* [WHAT YOU HAVE TO DO]: Scan the records for the string "dots". State how many lines contain it and add nothing.

Collected data entries
lemma lanczos_residual_eq:
  fixes A :: "real^'n^'n" and V :: "real^('m::{finite,linorder})^'n"
    and y r :: "real \<Rightarrow> real^'n"
  assumes arnoldi: "A ** V = V ** H + h *\<^sub>R outer_last w"
    and B: "orthonormal_eigenbasis H B \<mu>" and \<mu>: "\<And>b. b \<in> B \<Longrightarrow> 0 \<le> \<mu> b"
    and ydef: "\<And>t. y t = V *v ((t *\<^sub>R mat_sigma ((t^2) *\<^sub>R H)) *v axis first_idx 1)"
    and rdef: "\<And>t. r t = - (A *v y t) - vector_derivative (\<lambda>s. vector_derivative y (at s)) (at t)"
  shows "r t = - (h * (\<Sum>b\<in>B. b$last_idx * b$first_idx * sin_sqrt (\<mu> b) t)) *\<^sub>R w"
proof -
  define u where "u b = (b $ first_idx) *\<^sub>R (V *v b)" for b
  have fin: "finite B"
    using B by (simp add: orthonormal_eigenbasis_def)
  have y: "y = (\<lambda>s. \<Sum>b\<in>B. sin_sqrt (\<mu> b) s *\<^sub>R u b)"
    by (simp add: fun_eq_iff ydef scaled_mat_sigma_orthonormal_eigenbasis[OF B \<mu>] sum_matrix_vector_mult[OF fin]
        outer_prod_mult_vector inner_axis vec.sum matrix_vector_mult_scaleR u_def
        flip: scaleR_matrix_vector_assoc)
  have "(y has_vector_derivative (\<Sum>b\<in>B. cos (s * sqrt (\<mu> b)) *\<^sub>R u b)) (at s)" for s
    unfolding y by (intro has_vector_derivative_sum has_vector_derivative_scaleR_const
        has_real_derivative_sin_sqrt \<mu>)
  then have y': "(\<lambda>s. vector_derivative y (at s)) = (\<lambda>s. \<Sum>b\<in>B. cos (s * sqrt (\<mu> b)) *\<^sub>R u b)"
    using vector_derivative_at by blast
  have y'': "vector_derivative (\<lambda>s. vector_derivative y (at s)) (at t) =
      (\<Sum>b\<in>B. (- \<mu> b * sin_sqrt (\<mu> b) t) *\<^sub>R u b)"
    unfolding y' by (intro vector_derivative_at has_vector_derivative_sum
        has_vector_derivative_scaleR_const has_real_derivative_cos_sqrt \<mu>)
  have Au: "A *v u b = \<mu> b *\<^sub>R u b + (h * b$last_idx * b$first_idx) *\<^sub>R w" if "b \<in> B" for b
  proof -
    have "A *v (V *v b) = (V ** H + h *\<^sub>R outer_last w) *v b"
      by (simp add: arnoldi matrix_vector_mul_assoc)
    also have "\<dots> = \<mu> b *\<^sub>R (V *v b) + (h * b$last_idx) *\<^sub>R w"
      using B that by (simp add: matrix_vector_mult_add_rdistrib orthonormal_eigenbasis_def
          outer_last_mult_vector matrix_vector_mult_scaleR flip: matrix_vector_mul_assoc
          scaleR_matrix_vector_assoc)
    finally show ?thesis
      by (simp add: u_def matrix_vector_mult_scaleR algebra_simps)
  qed
  have "r t = (\<Sum>b\<in>B. - (sin_sqrt (\<mu> b) t *\<^sub>R (A *v u b)) + (\<mu> b * sin_sqrt (\<mu> b) t) *\<^sub>R u b)"
    unfolding rdef y'' by (simp add: y vec.sum matrix_vector_mult_scaleR sum_subtractf sum_negf)
  also have "\<dots> = (\<Sum>b\<in>B. (- (h * (b$last_idx * b$first_idx * sin_sqrt (\<mu> b) t))) *\<^sub>R w)"
    by (intro sum.cong refl) (simp add: Au algebra_simps)
  finally show ?thesis
    by (simp add: sum_distrib_left scaleR_sum_left sum_negf)
qed
lemma cutoff_slope_pos: "N \<le> m \<Longrightarrow> m + 1 < K \<Longrightarrow> cutoff_slope N K m > 0"
  by (simp add: cutoff_slope_def)

lemma cutoff_mass_nonneg: "cutoff_mass N K \<ge> 0"
  by (simp add: cutoff_mass_def sum_nonneg cutoff_slope_nonneg)

lemma cutoff_mass_pos:
  assumes "N + 1 < K"
  shows "cutoff_mass N K > 0"
proof -
  have "cutoff_slope N K N \<le> cutoff_mass N K"
    unfolding cutoff_mass_def using assms by (intro member_le_sum) (auto simp: cutoff_slope_nonneg)
  with cutoff_slope_pos[of N N K] assms show ?thesis by simp
qed

lemma cutoff_0_1 [simp]: "cutoff N K 0 = 0" "cutoff N K (Suc 0) = 0"
  by (simp_all add: cutoff_def)

lemma cutoff_eq_zero: "K \<le> m \<Longrightarrow> cutoff N K m = 0"
  by (simp add: cutoff_def)

lemma cutoff_eq_one:
  assumes "2 \<le> m" "m \<le> N" "N + 1 < K"
  shows "cutoff N K m = 1"
proof -
  have "(\<Sum>j\<in>{m..<K}. cutoff_slope N K j) = cutoff_mass N K"
    unfolding cutoff_mass_def using assms
    by (intro sum.mono_neutral_left) (auto simp: cutoff_slope_def)
  with cutoff_mass_pos[OF assms(3)] assms(1) show ?thesis by (simp add: cutoff_def)
qed

lemma cutoff_Suc_diff:
  assumes "2 \<le> m"
  shows "cutoff N K (Suc m) - cutoff N K m = - cutoff_slope N K m / cutoff_mass N K"
proof (cases "m < K")
  case True
  then have "(\<Sum>j\<in>{m..<K}. cutoff_slope N K j) = cutoff_slope N K m + (\<Sum>j\<in>{Suc m..<K}. cutoff_slope N K j)"
    by (rule sum.atLeast_Suc_lessThan)
  with assms show ?thesis by (simp add: cutoff_def add_divide_distrib)
qed (simp add: cutoff_eq_zero cutoff_slope_def)

lemma harm_diff_eq_sum:
  "N \<le> K \<Longrightarrow> harm K - harm N = (\<Sum>m\<in>{N..<K}. 1 / (real m + 1))"
  by (induction K rule: dec_induct) (auto simp: harm_Suc field_simps)

lemma cutoff_mass_ge:
  assumes "N \<le> K"
  shows "real K * (harm K - harm N) - real K \<le> cutoff_mass N K"
proof -
  have "cutoff_mass N K = (\<Sum>m\<in>{N..<K}. real K / (real m + 1) - 1)"
    unfolding cutoff_mass_def cutoff_slope_def
    by (rule sum.mono_neutral_cong_right) auto
  also have "\<dots> = real K * (harm K - harm N) - real (K - N)"
    by (simp add: harm_diff_eq_sum[OF assms] sum_subtractf sum_distrib_left)
  finally show ?thesis by simp
qed

lemma cutoff_mass_ratio_tendsto_zero:
  "((\<lambda>K. real K / cutoff_mass N K) \<longlongrightarrow> 0) sequentially"
proof -
  have "filterlim (\<lambda>K. - (harm N + 1) + harm K :: real) at_top sequentially"
    by (rule filterlim_tendsto_add_at_top[OF tendsto_const harm_at_top])
  then have "filterlim (\<lambda>K. harm K - (harm N + 1) :: real) at_top sequentially"
    by (simp add: algebra_simps)
  then have lim: "((\<lambda>K. inverse (harm K - (harm N + 1))) \<longlongrightarrow> (0::real)) sequentially"
    by (rule tendsto_inverse_0_at_top)
  have "eventually (\<lambda>K. harm N + 2 \<le> (harm K :: real)) sequentially"
    using harm_at_top unfolding filterlim_at_top by blast
  then have "eventually (\<lambda>K. real K / cutoff_mass N K \<le> inverse (harm K - (harm N + 1))) sequentially"
  proof eventually_elim
    case (elim K)
    have "N \<le> K"
      using elim harm_mono[of K N, where 'a=real] by (cases "N \<le> K") auto
    then have "real K * (harm K - (harm N + 1)) \<le> cutoff_mass N K"
      using cutoff_mass_ge[of N K] by (simp add: algebra_simps)
    moreover have "harm K - (harm N + 1) > (0::real)" using elim by simp
    ultimately show ?case
      using cutoff_mass_nonneg[of N K] by (simp add: divide_simps mult.commute)
  qed
  then show ?thesis
    by (intro tendsto_sandwich[OF _ _ tendsto_const lim]) (simp_all add: cutoff_mass_nonneg)
qed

* [SOLUTION BELOW]: 3